Implementation of the paper "SNR-Based Progressive Learning of Deep Neural Network for Speech Enhancement."

SNR-Based Progressive Learning of DNN for Speech Enhancement

The implementation of the paper SNR-Based Progressive Learning of Deep Neural Network for Speech Enhancement.

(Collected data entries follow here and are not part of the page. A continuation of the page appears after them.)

lemma attach_K4_eigenvalue_le:
  assumes n: "n = k + 4 * m" and k: "6 \<le> k" and B: "\<And>i j. B i j \<Longrightarrow> i < k \<and> j < k"
    and cert: "attach_K4_certificate k N B u" and "N \<le> n"
    and ev: "eigenvalue (signless_laplacian n (attach_K4 k m B)) \<mu>"
  shows "\<mu> \<le> n + 8/5"
proof (rule eigenvalue_le_if_signless_mult_le[OF _ _ ev])
  define t :: real where "t = 1 / (n - 27/5)"
  define x where "x j = (if j < k then u j else t)" for j
  have "t > 0" and t: "(n - 27/5) * t = 1" using n k by (simp_all add: t_def)
  have u0: "u 0 = 1" and upos: "\<And>j. j < k \<Longrightarrow> 0 < u j"
    and center: "signless_mult k B u 0 \<le> k + 3/5"
    and base: "\<And>v. 0 < v \<Longrightarrow> v < k \<Longrightarrow> signless_mult k B u v \<le> (N + 8/5) * u v"
    using cert unfolding attach_K4_certificate_def by auto
  have "0 < k" "x 0 = 1" "\<And>j. k \<le> j \<Longrightarrow> x j = t" using k u0 by (simp_all add: x_def)
  note attach_assms = n this(1) B this(2,3)
  have restrict: "signless_mult k B x i = signless_mult k B u i" if "i < k" for i
    using that by (intro signless_mult_cong) (simp_all add: x_def)
  show "x i > 0" if "i < n" for i using upos \<open>t > 0\<close> by (simp add: x_def)
  fix i assume i: "i < n"
  consider "i = 0" | "0 < i" "i < k" | "k \<le> i" by linarith
  then show "signless_mult n (attach_K4 k m B) x i \<le> (n + 8/5) * x i"
  proof cases
    case 1
    txt \<open>As k \<ge> 6, the copies of K4 add at most (n - k)(1 + t) \<le> n - k + 1 to this row.\<close>
    have "4 * real m * t \<le> (n - 27/5) * t" using n k \<open>t > 0\<close> by (intro mult_right_mono) auto
    then show ?thesis
      using 1 signless_mult_attach_K4_center[where B = B and x = x and t = t, OF attach_assms]
        restrict[OF \<open>0 < k\<close>] center n k t \<open>x 0 = 1\<close>
      by (simp add: algebra_simps)
  next
    case 2
    have "(N + 8/5) * u i \<le> (n + 8/5) * u i" using \<open>N \<le> n\<close> upos[OF 2(2)] by (intro mult_right_mono) auto
    then show ?thesis
      using 2 signless_mult_attach_K4_base[where B = B and x = x and t = t, OF attach_assms 2]
        restrict base[OF 2]
      by (simp add: x_def)
  next
    case 3
    have "1 + 7 * t = (n + 8/5) * t" using t by (simp add: algebra_simps)
    then show ?thesis
      using 3 i signless_mult_attach_K4_clique[where B = B and x = x and t = t, OF attach_assms]
      by (simp add: x_def)
  qed
qed

lemma attach_K4_q_index_le:
  assumes n: "n = k + 4 * m" and k: "6 \<le> k" and B: "\<And>i j. B i j \<Longrightarrow> i < k \<and> j < k"
    and cert: "attach_K4_certificate k N B u" and "N \<le> n"
    and "twins B a b" "0 < a" "a < k" "0 < b" "b < k"
  shows "q_index n (attach_K4 k m B) \<le> n + 8/5"
proof -
  have "twins (attach_K4 k m B) a b" using assms by (intro twins_attach_K4)
  then obtain \<nu> where "eigenvalue (signless_laplacian n (attach_K4 k m B)) \<nu>"
    using twins_eigenvalue \<open>a < k\<close> \<open>b < k\<close> n by fastforce
  then show ?thesis
    using q_index_le attach_K4_eigenvalue_le[OF n k B cert \<open>N \<le> n\<close>] by blast
qed

lemma one_to_eleven_cases:
  "(i::nat) \<in> {1..11} \<Longrightarrow>
    i = 1 \<or> i = 2 \<or> i = 3 \<or> i = 4 \<or> i = 5 \<or> i = 6 \<or> i = 7 \<or> i = 8 \<or> i = 9 \<or> i = 10 \<or> i = 11"
  by (simp only: atLeastAtMost_iff) presburger

definition U_weights :: "nat \<Rightarrow> real list" where
  "U_weights i = [
     [1, 1/5, 3/10, 3/10, 3/10, 3/10],
     [1, 1/10, 3/10, 3/10, 3/10, 3/10],
     [1, 11/20, 3/5, 3/5, 3/5, 3/5, 3/20],
     [1, 1/5, 3/5, 11/20, 3/5, 11/20, 3/20],
     [1, 1/5, 3/10, 3/10, 3/10, 3/10, 1/5, 1/5, 1/5],
     [1, 1/10, 3/10, 3/10, 3/10, 3/10, 1/5, 1/5, 1/5],
     [1, 1/5, 2/5, 2/5, 2/5, 3/10, 3/10, 3/10],
     [1, 1/10, 1/5, 1/5, 1/5, 3/20],
     [1, 1/10, 3/10, 1/5, 3/10, 3/10],
     [1, 27/100, 57/100, 37/100, 57/100, 39/50, 27/100],
     [1, 1/5, 9/20, 3/10, 9/20, 3/4, 1/4, 1/4]] ! (i - 1)"

text \<open>The bound N is the least order n \<ge> 7 with n \<equiv> U_size i (mod 4).\<close>
lemma U_certificate:
  assumes "i \<in> {1..11}"
  shows "attach_K4_certificate (U_size i) (if U_size i = 6 then 10 else U_size i)
           (from_edges (U_edges i)) (\<lambda>j. U_weights i ! j)"
  using one_to_eleven_cases[OF assms]
  by (elim disjE) (simp_all add: attach_K4_certificate_def signless_mult_def U_weights_def U_size_def
      U_edges_def U1_edges_def U2_edges_def U7_edges_def U8_edges_def U9_edges_def from_edges_def
      lessThan_nat_numeral numeral_eq_Suc All_less_Suc)

lemma U_edges_bounded:
  assumes "i \<in> {1..11}" "from_edges (U_edges i) a b"
  shows "a < U_size i \<and> b < U_size i"
  using one_to_eleven_cases[OF assms(1)] assms(2)
  by (elim disjE) (auto simp: U_size_def U_edges_def U1_edges_def U2_edges_def
      U7_edges_def U8_edges_def U9_edges_def from_edges_def)

lemma U_twins:
  assumes "i \<in> {1..11}"
  shows "twins (from_edges (U_edges i)) 2 (if i \<in> {7, 8} then 3 else 4)"
  using one_to_eleven_cases[OF assms]
  by (elim disjE) (auto simp: twins_def U_edges_def U1_edges_def U2_edges_def
      U7_edges_def U8_edges_def U9_edges_def from_edges_def)

lemma G_graph_q_index_le:
  assumes i: "i \<in> {1..11}" and "7 \<le> n" "U_size i \<le> n" "(n - U_size i) mod 4 = 0"
  shows "q_index n (G_graph i n) \<le> n + 8/5"
proof -
  define k where "k = U_size i"
  define m where "m = (n - k) div 4"
  have n: "n = k + 4 * m" using assms unfolding k_def m_def by presburger
  have "6 \<le> k" unfolding k_def U_size_def by simp
  have "(if k = 6 then 10 else k) \<le> n" using n \<open>7 \<le> n\<close> by auto
  then show ?thesis
    unfolding G_graph_def m_def[symmetric] k_def[symmetric]
    using \<open>6 \<le> k\<close> U_twins[OF i]
    by (intro attach_K4_q_index_le[OF n \<open>6 \<le> k\<close> _ U_certificate[OF i, folded k_def]])
      (auto dest: U_edges_bounded[OF i] simp: k_def)
qed
lemma ehr_Kpow_detailed_balance:
  assumes "x \<in> ehr_states d N" "y \<in> ehr_states d N"
  shows "multinom d N p x * ehr_Kpow d N s p l x y = multinom d N p y * ehr_Kpow d N s p l y x"
  using assms
proof (induction l arbitrary: x y)
  case (Suc l)
  have "multinom d N p x * ehr_Kpow d N s p (Suc l) x y =
      (\<Sum>z\<in>ehr_states d N. ehr_Kpow d N s p l z x * (multinom d N p z * ehr_K d N s p z y))"
    unfolding ehr_Kpow.simps sum_distrib_left
  proof (intro sum.cong refl)
    fix z assume "z \<in> ehr_states d N"
    with Suc.IH[OF Suc.prems(1)] show "multinom d N p x * (ehr_Kpow d N s p l x z * ehr_K d N s p z y) =
        ehr_Kpow d N s p l z x * (multinom d N p z * ehr_K d N s p z y)"
      by (metis mult.assoc mult.commute)
  qed
  also have "\<dots> = multinom d N p y * (\<Sum>z\<in>ehr_states d N. ehr_K d N s p y z * ehr_Kpow d N s p l z x)"
    unfolding sum_distrib_left
  proof (intro sum.cong refl)
    fix z assume "z \<in> ehr_states d N"
    from ehr_K_detailed_balance[OF this Suc.prems(2)]
    show "ehr_Kpow d N s p l z x * (multinom d N p z * ehr_K d N s p z y) =
        multinom d N p y * (ehr_K d N s p y z * ehr_Kpow d N s p l z x)"
      by (metis mult.assoc mult.commute)
  qed
  also have "\<dots> = multinom d N p y * ehr_Kpow d N s p (Suc l) y x"
    by (simp only: ehr_Kpow_Suc_left[OF Suc.prems(2,1)])
  finally show ?case .
qed simp

section \<open>Eigenfunctions and eigenvalues\<close>

text \<open>As a function of \<open>u\<close>, \<open>krawtchouk N q n u\<close> is, up to normalisation, the Krawtchouk
  polynomial of degree \<open>n\<close> for the binomial law \<open>Bin(N, q)\<close>.\<close>

definition krawtchouk :: "nat \<Rightarrow> real \<Rightarrow> nat \<Rightarrow> nat \<Rightarrow> real" where
  "krawtchouk N q n u = coeff ([:1, 1 - q:] ^ u * [:1, - q:] ^ (N - u)) n"

text \<open>The probability that none of \<open>n\<close> given balls is among the \<open>s\<close> balls drawn.\<close>

definition ehr_eigenvalue :: "nat \<Rightarrow> nat \<Rightarrow> nat \<Rightarrow> real" where
  "ehr_eigenvalue N s n = real ((N - n) choose s) / real (N choose s)"

lemma krawtchouk_0: "krawtchouk N q 0 u = 1"
  unfolding krawtchouk_def by (simp add: coeff_mult coeff_one_linear_power)

lemma krawtchouk_full: "krawtchouk N q n N = of_nat (N choose n) * (1 - q) ^ n"
  unfolding krawtchouk_def by (simp add: coeff_one_linear_power)

lemma sum_krawtchouk_eq_indicator:
  fixes q :: real
  assumes "u \<le> N" "q \<noteq> 0"
  shows "q ^ N * (\<Sum>n\<le>N. (1 / q) ^ n * krawtchouk N q n u) = (if u = N then 1 else 0)"
proof -
  define P where "P = [:1, 1 - q:] ^ u * [:1, - q:] ^ (N - u)"
  have "degree P \<le> degree ([:1, 1 - q:] ^ u) + degree ([:1, - q:] ^ (N - u))"
    unfolding P_def by (rule degree_mult_le)
  also have "\<dots> \<le> 1 * u + 1 * (N - u)"
    by (intro add_mono order.trans[OF degree_power_le] mult_right_mono) auto
  finally have "degree P \<le> N" using assms by simp
  have "(\<Sum>n\<le>N. (1 / q) ^ n * krawtchouk N q n u) = (\<Sum>n\<le>N. coeff P n * (1 / q) ^ n)"
    unfolding krawtchouk_def P_def by (simp only: mult.commute)
  also have "\<dots> = poly P (1 / q)"
    by (rule poly_eq_sum_coeff[symmetric]) fact
  also have "\<dots> = (1 + (1 - q) / q) ^ u * (1 - q / q) ^ (N - u)"
    unfolding P_def by (simp add: poly_power)
  also have "\<dots> = (1 / q) ^ u * 0 ^ (N - u)"
    using assms by (simp add: field_simps)
  finally show ?thesis using assms by (auto simp: power_one_over)
qed

lemma sum_multinom_krawtchouk:
  assumes i: "i < d" and p: "(\<Sum>j<d. p j) = 1"
    and z: "z \<in> compositions {..<d} N" and m: "m \<in> compositions {..<d} s" and le: "\<forall>j<d. m j \<le> z j"
  shows "(\<Sum>w\<in>compositions {..<d} s. multinom d s p w * krawtchouk N (p i) n (z i - m i + w i)) =
    coeff ([:1, 1 - p i:] ^ (z i - m i) * [:1, - p i:] ^ (N - z i - (s - m i))) n"
proof -
  have rest: "(\<Sum>j\<in>{..<d} - {i}. f j) = (\<Sum>j<d. f j) - f i" for f :: "nat \<Rightarrow> 'a::ab_group_add"
    using i by (simp add: sum_diff1)
  have split: "(\<Sum>j<d. f j) = f i + (\<Sum>j\<in>{..<d} - {i}. f j)" for f :: "nat \<Rightarrow> nat"
    using i by (simp add: sum.remove)
  have "(\<Sum>j\<in>{..<d} - {i}. m j) \<le> (\<Sum>j\<in>{..<d} - {i}. z j)" using le by (intro sum_mono) auto
  moreover have "s = m i + (\<Sum>j\<in>{..<d} - {i}. m j)" "N = z i + (\<Sum>j\<in>{..<d} - {i}. z j)"
    using m z split unfolding compositions_def by auto
  ultimately have exps: "N - (z i - m i + b) = (N - z i - (s - m i)) + (s - b)" if "b \<le> s" for b
    using that le i by auto
  have "(\<Sum>w\<in>compositions {..<d} s. multinom d s p w * krawtchouk N (p i) n (z i - m i + w i)) =
      (\<Sum>b\<le>s. of_nat (s choose b) * p i ^ b * (\<Sum>j\<in>{..<d} - {i}. p j) ^ (s - b) *
        krawtchouk N (p i) n (z i - m i + b))"
    by (rule sum_multinom_marginal[OF i])
  also have "\<dots> = (\<Sum>b\<le>s. of_nat (s choose b) * p i ^ b * (1 - p i) ^ (s - b) *
        coeff ([:1, 1 - p i:] ^ (z i - m i + b) * [:1, - p i:] ^ (N - z i - (s - m i) + (s - b))) n)"
    unfolding rest p krawtchouk_def by (intro sum.cong refl) (simp add: exps)
  also have "\<dots> = coeff ([:1, 1 - p i:] ^ (z i - m i) * [:1, - p i:] ^ (N - z i - (s - m i))) n"
    by (rule sum_binomial_coeff_shift)
  finally show ?thesis .
qed
lemma sqdist_permute:
  assumes "bij_betw \<rho> {..<n} {..<n}" "length x = n"
  shows "sqdist (map (\<lambda>j. x ! \<rho> j) [0..<n]) (map (\<lambda>j. y ! \<rho> j) [0..<n]) = sqdist x y"
proof -
  have "sqdist (map (\<lambda>j. x ! \<rho> j) [0..<n]) (map (\<lambda>j. y ! \<rho> j) [0..<n])
      = (\<Sum>j<n. (real (x ! \<rho> j) - real (y ! \<rho> j))\<^sup>2)"
    unfolding sqdist_def by (simp add: lessThan_atLeast0)
  also have "\<dots> = (\<Sum>i<n. (real (x ! i) - real (y ! i))\<^sup>2)"
    using sum.reindex_bij_betw[OF assms(1), of "\<lambda>i. (real (x ! i) - real (y ! i))\<^sup>2"] by simp
  also have "\<dots> = sqdist x y" unfolding sqdist_def using assms(2) by simp
  finally show ?thesis .
qed

lemma perm_map_in_INinf:
  assumes "bij_betw \<rho> {..<n} {..<n}"
  shows "perm_map n \<rho> \<in> INinf n"
proof -
  obtain \<rho>' where H: "\<forall>i<n. \<rho> i < n \<and> \<rho>' i < n \<and> \<rho> (\<rho>' i) = i \<and> \<rho>' (\<rho> i) = i"
    using bij_lessThan_inverse[OF assms] .
  have left: "perm_map n \<rho> \<cdot> perm_map n \<rho>' = idN n" and right: "perm_map n \<rho>' \<cdot> perm_map n \<rho> = idN n"
    using H by (auto intro: perm_map_comp)
  have dom: "dom (perm_map n \<rho>) = pts n" by (auto simp: perm_map_def split: if_splits)
  have "ran (perm_map n \<rho>) \<subseteq> pts n"
    using perm_map_pts[of n \<rho>] H by (auto simp: perm_map_def ran_def split: if_splits)
  moreover have "pts n \<subseteq> ran (perm_map n \<rho>)"
  proof
    fix y assume "y \<in> pts n"
    then have "(perm_map n \<rho> \<circ>\<^sub>m perm_map n \<rho>') y = Some y"
      using right by (simp add: pcomp_def idN_def)
    then show "y \<in> ran (perm_map n \<rho>)" by (auto simp: map_comp_def ran_def split: option.splits)
  qed
  moreover have "inj_on (perm_map n \<rho>) (pts n)"
  proof (rule inj_onI)
    fix x y assume "x \<in> pts n" "y \<in> pts n" "perm_map n \<rho> x = perm_map n \<rho> y"
    then have "(perm_map n \<rho> \<cdot> perm_map n \<rho>') x = (perm_map n \<rho> \<cdot> perm_map n \<rho>') y"
      by (simp add: pcomp_def map_comp_def)
    then show "x = y" using left \<open>x \<in> pts n\<close> \<open>y \<in> pts n\<close> by (simp add: idN_def)
  qed
  moreover have "edist (the (perm_map n \<rho> x)) (the (perm_map n \<rho> y)) = edist x y"
    if "x \<in> pts n" "y \<in> pts n" for x y
    using that sqdist_permute[OF assms pts_length[OF that(1)]]
    by (simp add: perm_map_def edist_eq_iff_sqdist_eq)
  ultimately show ?thesis by (simp add: INinf_def partial_isometry_def dom)
qed

lemma perm_map_in_unitsN:
  assumes "bij_betw \<rho> {..<n} {..<n}"
  shows "perm_map n \<rho> \<in> unitsN n"
proof -
  obtain \<rho>' where H: "\<forall>i<n. \<rho> i < n \<and> \<rho>' i < n \<and> \<rho> (\<rho>' i) = i \<and> \<rho>' (\<rho> i) = i"
    using bij_lessThan_inverse[OF assms] .
  have "bij_betw \<rho>' {..<n} {..<n}"
    by (rule bij_betw_byWitness[where f' = \<rho>]) (use H in auto)
  moreover have "perm_map n \<rho> \<cdot> perm_map n \<rho>' = idN n" "perm_map n \<rho>' \<cdot> perm_map n \<rho> = idN n"
    using H by (auto intro: perm_map_comp)
  ultimately show ?thesis
    using perm_map_in_INinf[OF assms] perm_map_in_INinf unfolding unitsN_def by blast
qed

definition full_beyond :: "nat \<Rightarrow> nat \<Rightarrow> (nat list \<rightharpoonup> nat list) \<Rightarrow> bool" where
  "full_beyond n M \<alpha> \<longleftrightarrow> (\<forall>x\<in>pts n. (\<exists>k<n. M \<le> x ! k) \<longrightarrow> x \<in> dom \<alpha> \<and> x \<in> ran \<alpha>)"

lemma INinf_full_beyond:
  assumes "\<alpha> \<in> INinf n"
  obtains M :: nat where "1 \<le> M" "full_beyond n M \<alpha>"
proof -
  let ?B = "(pts n - dom \<alpha>) \<union> (pts n - ran \<alpha>)"
  have "finite (\<Union> (set ` ?B))" using assms unfolding INinf_def by auto
  then obtain m where m: "\<forall>v\<in>\<Union> (set ` ?B). v < m" using finite_nat_set_iff_bounded by blast
  have "x \<in> dom \<alpha> \<and> x \<in> ran \<alpha>" if "x \<in> pts n" "k < n" "Suc m \<le> x ! k" for x k
  proof (rule ccontr)
    assume "\<not> (x \<in> dom \<alpha> \<and> x \<in> ran \<alpha>)"
    moreover have "x ! k \<in> set x" using that pts_length[OF that(1)] by simp
    ultimately have "x ! k < m" using m that(1) by blast
    then show False using that(3) by simp
  qed
  then show ?thesis by (intro that[of "Suc m"]) (auto simp: full_beyond_def)
qed

lemma replicate_update_in_pts: "1 \<le> M \<Longrightarrow> 1 \<le> v \<Longrightarrow> (replicate n M)[i := v] \<in> pts n"
  using set_update_subset_insert[of "replicate n M" i v] unfolding pts_def by auto
(* Let $G=(V,E)$ be a finite, simple, connected reflective graph, and let $x\sim y$ and $x'\sim y'$ be edges. The following are equivalent: (i) $(x,y)\parallel(x',y')$; (ii) $V_x^y=V_{x'}^{y'}$ and $V_y^x=V_{y'}^{x'}$. In particular, if these conditions hold, then $d(x,z)-d(y,z)=d(x',z)-d(y',z)$ for all $z\in V$.
   Context: $d$ is the combinatorial distance. For adjacent $x\sim y$ let $V_x^y=\{v: d(v,x)<d(v,y)\}$, $V^{xy}=\{v:d(v,x)=d(v,y)\}$. A reflection from $x$ to $y$ is a graph automorphism $\phi$ with $\phi\circ\phi=\mathrm{id}$, $\phi(x)=y$, such that the edges between $V_x^y$ and $V_y^x$ are exactly $\{\{x',\phi(x')\}:x'\in V_x^y\}$ and $\phi$ fixes $V^{xy}$ pointwise. $G$ is reflective if every edge admits a reflection. For edges $x\sim y$, $x'\sim y'$ we write $(x,y)\parallel(x',y')$ if $x'\in V_x^y$ and $y'\in V_y^x$. *)

theory Defs
  imports Main
begin

definition simple_graph :: "'a set \<Rightarrow> ('a \<Rightarrow> 'a \<Rightarrow> bool) \<Rightarrow> bool" where
  "simple_graph V E \<longleftrightarrow> finite V \<and> (\<forall>u v. E u v \<longrightarrow> u \<in> V \<and> v \<in> V)
     \<and> (\<forall>u v. E u v \<longrightarrow> E v u) \<and> (\<forall>u. \<not> E u u)"

definition walk :: "'a set \<Rightarrow> ('a \<Rightarrow> 'a \<Rightarrow> bool) \<Rightarrow> 'a list \<Rightarrow> bool" where
  "walk V E xs \<longleftrightarrow> xs \<noteq> [] \<and> set xs \<subseteq> V \<and> (\<forall>i < length xs - 1. E (xs ! i) (xs ! Suc i))"

definition connected_graph :: "'a set \<Rightarrow> ('a \<Rightarrow> 'a \<Rightarrow> bool) \<Rightarrow> bool" where
  "connected_graph V E \<longleftrightarrow> (\<forall>u\<in>V. \<forall>v\<in>V. \<exists>xs. walk V E xs \<and> hd xs = u \<and> last xs = v)"

definition gdist :: "'a set \<Rightarrow> ('a \<Rightarrow> 'a \<Rightarrow> bool) \<Rightarrow> 'a \<Rightarrow> 'a \<Rightarrow> nat" where
  "gdist V E u v = (LEAST n. \<exists>xs. walk V E xs \<and> hd xs = u \<and> last xs = v \<and> length xs = Suc n)"

definition halfspace :: "'a set \<Rightarrow> ('a \<Rightarrow> 'a \<Rightarrow> bool) \<Rightarrow> 'a \<Rightarrow> 'a \<Rightarrow> 'a set" where
  "halfspace V E x y = {v \<in> V. gdist V E v x < gdist V E v y}"

definition midset :: "'a set \<Rightarrow> ('a \<Rightarrow> 'a \<Rightarrow> bool) \<Rightarrow> 'a \<Rightarrow> 'a \<Rightarrow> 'a set" where
  "midset V E x y = {v \<in> V. gdist V E v x = gdist V E v y}"

definition graph_automorphism :: "'a set \<Rightarrow> ('a \<Rightarrow> 'a \<Rightarrow> bool) \<Rightarrow> ('a \<Rightarrow> 'a) \<Rightarrow> bool" where
  "graph_automorphism V E \<phi> \<longleftrightarrow> bij_betw \<phi> V V \<and> (\<forall>u\<in>V. \<forall>v\<in>V. E u v \<longleftrightarrow> E (\<phi> u) (\<phi> v))"

definition reflection :: "'a set \<Rightarrow> ('a \<Rightarrow> 'a \<Rightarrow> bool) \<Rightarrow> 'a \<Rightarrow> 'a \<Rightarrow> ('a \<Rightarrow> 'a) \<Rightarrow> bool" where
  "reflection V E x y \<phi> \<longleftrightarrow>
     graph_automorphism V E \<phi> \<and> (\<forall>v\<in>V. \<phi> (\<phi> v) = v) \<and> \<phi> x = y \<and>
     (\<forall>a\<in>halfspace V E x y. \<phi> a \<in> halfspace V E y x \<and> E a (\<phi> a)) \<and>
     (\<forall>a\<in>halfspace V E x y. \<forall>b\<in>halfspace V E y x. E a b \<longrightarrow> b = \<phi> a) \<and>
     (\<forall>v\<in>midset V E x y. \<phi> v = v)"

definition reflective :: "'a set \<Rightarrow> ('a \<Rightarrow> 'a \<Rightarrow> bool) \<Rightarrow> bool" where
  "reflective V E \<longleftrightarrow> (\<forall>x y. E x y \<longrightarrow> (\<exists>\<phi>. reflection V E x y \<phi>))"

definition parallel_edges :: "'a set \<Rightarrow> ('a \<Rightarrow> 'a \<Rightarrow> bool) \<Rightarrow> 'a \<Rightarrow> 'a \<Rightarrow> 'a \<Rightarrow> 'a \<Rightarrow> bool" where
  "parallel_edges V E x y x' y' \<longleftrightarrow> x' \<in> halfspace V E x y \<and> y' \<in> halfspace V E y x"

end

theory Submission
  imports Defs
begin

(* Let \<phi> be a reflection for the edge xy. Folding V_y^x onto V_x^y (apply \<phi> there, fix every
   other vertex) maps edges to edges or collapses them, so it does not increase distances;
   hence d(z, w) \<le> d(z, \<phi> w) for z, w in V_x^y, which gives V_w^(\<phi> w) \<subseteq> V_x^y and, by the
   symmetric argument, V_(\<phi> w)^w \<subseteq> V_y^x. A parallel edge x'y' is of the form (w, \<phi> w) because
   \<phi> accounts for all edges between the two halfspaces. Conversely, a reflection for x'y' must
   map x to y, and the same inclusions for it give equality. *)

lemma walk_iff_successively:
  "walk V E xs \<longleftrightarrow> xs \<noteq> [] \<and> set xs \<subseteq> V \<and> successively E xs"
  by (auto simp: walk_def successively_conv_nth)

lemma walk_Cons:
  "walk V E (a # xs) \<longleftrightarrow> a \<in> V \<and> (xs = [] \<or> E a (hd xs) \<and> walk V E xs)"
  by (auto simp: walk_iff_successively successively_Cons)

lemma walk_append:
  assumes "walk V E xs" "walk V E ys" "E (last xs) (hd ys)"
  shows "walk V E (xs @ ys)"
  using assms by (auto simp: walk_iff_successively successively_append_iff)

lemma walk_rev:
  assumes "walk V E xs" "\<And>u v. E u v \<Longrightarrow> E v u"
  shows "walk V E (rev xs)"
  using assms by (auto simp: walk_iff_successively elim: successively_mono)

Unofficial implementation, with some differences from the original paper.

Todo

  • [x] Data pre-processing for training, validation and test
  • [x] PL DNN models
  • [x] Training data
  • [x] Validation data
  • [x] Training logic
  • [x] validation logic
  • [x] visualization for validation set (waveform, audio, metrics)
  • [x] Config parameters
  • [ ] Integrate pre-processing scripts in the project
  • [ ] Global Normalization
  • [ ] Test script

Model coverage

  • [x] Single-SNR
  • [ ] Multi-SNR
  • [ ] Baseline DNN model

Dependencies

  • tqdm
  • pypesq
  • pystoi
  • librosa
  • pytorch==1.0
  • matplotlib
  • tensorboardX

Usage

Data Pre-processing

:sweat_smile: waiting for integration into the project.

Training

# specify training configuration (-C), and GPU devices (-D).
python train.py -C config/train/<name>.json -D 0

# Resume expriment (-R)
python train.py -C config/train/<name>.json -D 0 -R

Configuration for Training:

{
    # 实验名,每次实验都不能重复
    "name": "basic_1000", 
    # 实验使用的 GPU 数量,需要配合 train.py 的 -D 选项
    "n_gpu": 1, 
    # 是否使用 Cudnn 加快速度,使用时无法保证实验的可重复性
    "use_cudnn": true,
    # 损失函数,见 models/loss.py
    "loss_func": "mse_loss",
    # Checkpoints,logs 等目录所在的位置,可以指定在另外的数据盘中
    "save_location": "/media/imucs/DataDisk/haoxiang/Experiment/DNN",
    # 本次实验的描述信息,后续会打印在 tensorboardX 中
    "description": "修复 epoch 显示错误的问题",
    # 可视化评价指标的频率
    "visualize_metrics_period": 10,
    # 优化器参数
    "optimizer": {
        "lr": 0.01
    },
    # 训练过程的可配置参数
    "trainer": {
        "epochs": 1000,
        # 模型存储的频率
        "save_period": 3
    },
    # 所有关于训练的数据集
    "train_dataset": {
        "mixture_dataset": "/home/imucs/Center/timit_single_snr_limit_500/train/dB-5.npy",
        "clean_dataset": "/home/imucs/Center/timit_single_snr_limit_500/train/clean.npy",
        "target_1_dataset": "/home/imucs/Center/timit_single_snr_limit_500/train/dB5.npy",
        "target_2_dataset": "/home/imucs/Center/timit_single_snr_limit_500/train/dB15.npy"
    },
    # 所有关于验证的数据集
    "valid_dataset": {
        "mixture_dataset": "/home/imucs/Center/timit_waveform_192/test/dB-5.npy",
        "clean_dataset": "/home/imucs/Center/timit_waveform_192/test/clean.npy"
    },
    # 训练数据集中的参数
    "train_data": {
        "batch_size": 20000,
        "shuffle": true,
        "num_workers": 100
    },
    # 验证数据集中的参数
    "valid_data": {
        "limit": 20,
        "offset": 1,
        "batch_size": 1,
        "num_workers": 1
    }
}

Visualization

tensorborad --logdir <training_config:save_location>/logs --port <port>

Test(TODO)

Similar to the validation part in trainer/trainer.py.